The original method of this plugin is targeting the deleteProductLink method of the Magento\Catalog\Model\ResourceModel\Product\Link class:

public function deleteProductLink($linkId) {
return $this->getConnection()
->delete($this->getMainTable(), ['link_id = ?' => $linkId]);
}

The implementation of the around plugin is provided via the aroundDeleteProductLink method of the Magento\GroupedProduct\Model\ResourceModel\Product\Link\RelationPersister class, as per the following partial example:

public function aroundDeleteProductLink(
\Magento\GroupedProduct\Model\ResourceModel\Product\Link $subject,
\Closure $proceed, $linkId) {
// The rest of the code...
$result = $proceed($linkId);
// The rest of the code...
return $result;
}

The after plugin

The after plugin, as its name suggests, runs after the observed method.
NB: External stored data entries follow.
lemma norm_taylor_coef_deriv_le:
  fixes f :: "complex \<Rightarrow> complex"
  assumes holf: "f holomorphic_on ball 0 1"
    and bnd: "\<And>w. w \<in> ball 0 1 \<Longrightarrow> norm (w * deriv f w - f w) \<le> M"
    and "m \<ge> 1"
  shows "norm (taylor_coef (deriv f) m) \<le> (real m + 1) / real m * M"
proof -
  have "real m * norm (taylor_coef f (Suc m)) \<le> M"
    using norm_taylor_coef_le[OF holf bnd, of "Suc m"] by (simp add: norm_mult)
  then have "(real m + 1) * (real m * norm (taylor_coef f (Suc m))) \<le> (real m + 1) * M"
    by (intro mult_left_mono) auto
  moreover have "norm (taylor_coef (deriv f) m) = (real m + 1) * norm (taylor_coef f (Suc m))"
    by (simp only: taylor_coef_deriv norm_mult norm_of_nat) simp
  ultimately show ?thesis
    using \<open>m \<ge> 1\<close> by (simp add: field_simps)
qed

lemma norm_minus_taylor_polynomial_le:
  fixes g :: "complex \<Rightarrow> complex"
  assumes holg: "g holomorphic_on ball 0 1" and z: "norm z < 1"
    and coef: "\<And>m. m \<ge> n \<Longrightarrow> norm (taylor_coef g m) \<le> c"
  shows "norm (g z - (\<Sum>m<n. taylor_coef g m * z ^ m)) \<le> c * norm z ^ n / (1 - norm z)"
proof -
  have "(\<lambda>m. taylor_coef g m * z ^ m) sums g z"
    using holomorphic_power_series[OF holg, of z] z by (simp add: taylor_coef_def)
  then have tail: "(\<lambda>i. taylor_coef g (i + n) * z ^ (i + n))
      sums (g z - (\<Sum>m<n. taylor_coef g m * z ^ m))"
    by (rule sums_split_initial_segment)
  have geo: "(\<lambda>i. c * norm z ^ n * norm z ^ i) sums (c * norm z ^ n / (1 - norm z))"
    using sums_mult[OF geometric_sums, of "norm z" "c * norm z ^ n"] z by (simp add: field_simps)
  have "norm (taylor_coef g (i + n) * z ^ (i + n)) \<le> c * norm z ^ n * norm z ^ i" for i
  proof -
    have "norm (taylor_coef g (i + n) * z ^ (i + n)) = norm (taylor_coef g (i + n)) * norm z ^ (i + n)"
      by (simp add: norm_mult norm_power)
    also have "\<dots> \<le> c * norm z ^ (i + n)"
      using coef[of "i + n"] by (intro mult_right_mono) auto
    finally show ?thesis
      by (simp add: power_add mult_ac)
  qed
  then have "norm (\<Sum>i. taylor_coef g (i + n) * z ^ (i + n)) \<le> (\<Sum>i. c * norm z ^ n * norm z ^ i)"
    using geo by (intro norm_suminf_le) (auto simp: sums_iff)
  then show ?thesis
    using tail geo by (simp add: sums_iff)
qed
(* Fix $0<b_1<b_2<1$ and an integer $N\ge1$. Let $\{\chi_t(x)\}$ and $\{j_t(x)\}$, $(x,t)\in\mathbb Z\times\{1,\dots,N\}$, be mutually independent, with $P[\chi_t(x)=1]=b_1=1-P[\chi_t(x)=0]$ and $P[j_t(x)=r]=(1-b_2)b_2^{r-1}$ for $r\ge1$. Call an integer $k$ separating if, for each $t\in[1,N]$, $\chi_t(k+t)=0$ and $\max_{m<k+t}(j_t(m)+m)\le k+t$. Then almost surely there exists a doubly infinite sequence of integers $\cdots<R_{-1}<R_0<R_1<\cdots$ such that every $R_i$ is separating. *)

theory Defs
  imports "HOL-Probability.Probability"
begin

definition separating ::
  "nat \<Rightarrow> (int \<Rightarrow> nat \<Rightarrow> 'a \<Rightarrow> nat) \<Rightarrow> (int \<Rightarrow> nat \<Rightarrow> 'a \<Rightarrow> nat) \<Rightarrow> 'a \<Rightarrow> int \<Rightarrow> bool"
where
  "separating N chi j w k \<longleftrightarrow>
     (\<forall>t\<in>{1..N}. chi (k + int t) t w = 0 \<and>
        (\<forall>m < k + int t. int (j m t w) + m \<le> k + int t))"

end

theory Submission
  imports Defs "HOL-Probability.Probability"
begin

text \<open>Call [K - L, K + N] a window. The event that \<open>chi\<close> vanishes at the sites (K + t, t)
  and that no jump starting inside the window overshoots K + t depends only on the finitely many
  variables indexed by the window, and by independence its probability is at least
  \<open>(1 - b1)\<^sup>N \<Prod>\<^sub>d (1 - b2\<^sup>d)\<^sup>N\<close>, uniformly in K and L. A jump starting left of the
  window overshoots with probability \<open>O(b2\<^sup>L)\<close>. Along pairwise disjoint windows with
  L growing linearly, the window events are independent with probabilities bounded away from 0,
  so infinitely many of them occur almost surely (Borel's zero-one law), while by
  Borel--Cantelli only finitely many long overshoots occur. Hence almost surely infinitely many
  window centres are separating; windows running off to \<open>+\<infinity>\<close> and to \<open>-\<infinity>\<close> give the
  doubly infinite sequence.\<close>

lemma sum_geometric_pmf_atLeastAtMost:
  fixes b :: real
  shows "(\<Sum>r\<in>{1..d}. (1 - b) * b ^ (r - 1)) = 1 - b ^ d"
proof (induction d)
  case (Suc d)
  have "{1..Suc d} = insert (Suc d) {1..d}" by auto
  then show ?case using Suc by (simp add: algebra_simps)
qed simp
When writing the after plugin, there are a few key points to remember:

  1. The first parameter coming into the plugin is an observed type instance.
  2. The second parameter coming into the plugin is the result of the observed method, often called $result or called after the variable returned from the observed method (as in the following example: $data).
  3. All other parameters are parameters of the observed method.
  4. The plugin must return the same $result|$data variable of the same type, as we are free to modify the value.

Let's take a look at one of Magento's after plugin implementations, the one specified in the module-catalog/etc/di.xml file:

<type name="Magento\Indexer\Model\Config\Data">
<plugin name="indexerProductFlatConfigGet"
type="Magento\Catalog\Model\Indexer\Product\Flat\Plugin\IndexerConfigData" />
</type>

The original method this plugin is targeting is the get method of the Magento\Indexer\Model\Config\Data class:

public function get($path = null, $default = null) {
// The rest of the code...
return $data;
}

The implementation of the after plugin is provided via the afterGet method of the Magento\Catalog\Model\Indexer\Product\Flat\Plugin\IndexerConfigData class, as per the following partial example:

public function afterGet(Magento\Indexer\Model\Config\Data, $data, $path = null, $default = null) {
// The rest of the code...
return $data;
}

Special care should be taken when using plugins. While they provide great flexibility, they also make it easy to induce bugs, performance bottlenecks, and other less obvious types of instabilities – even more so if several plugins are observing the same method.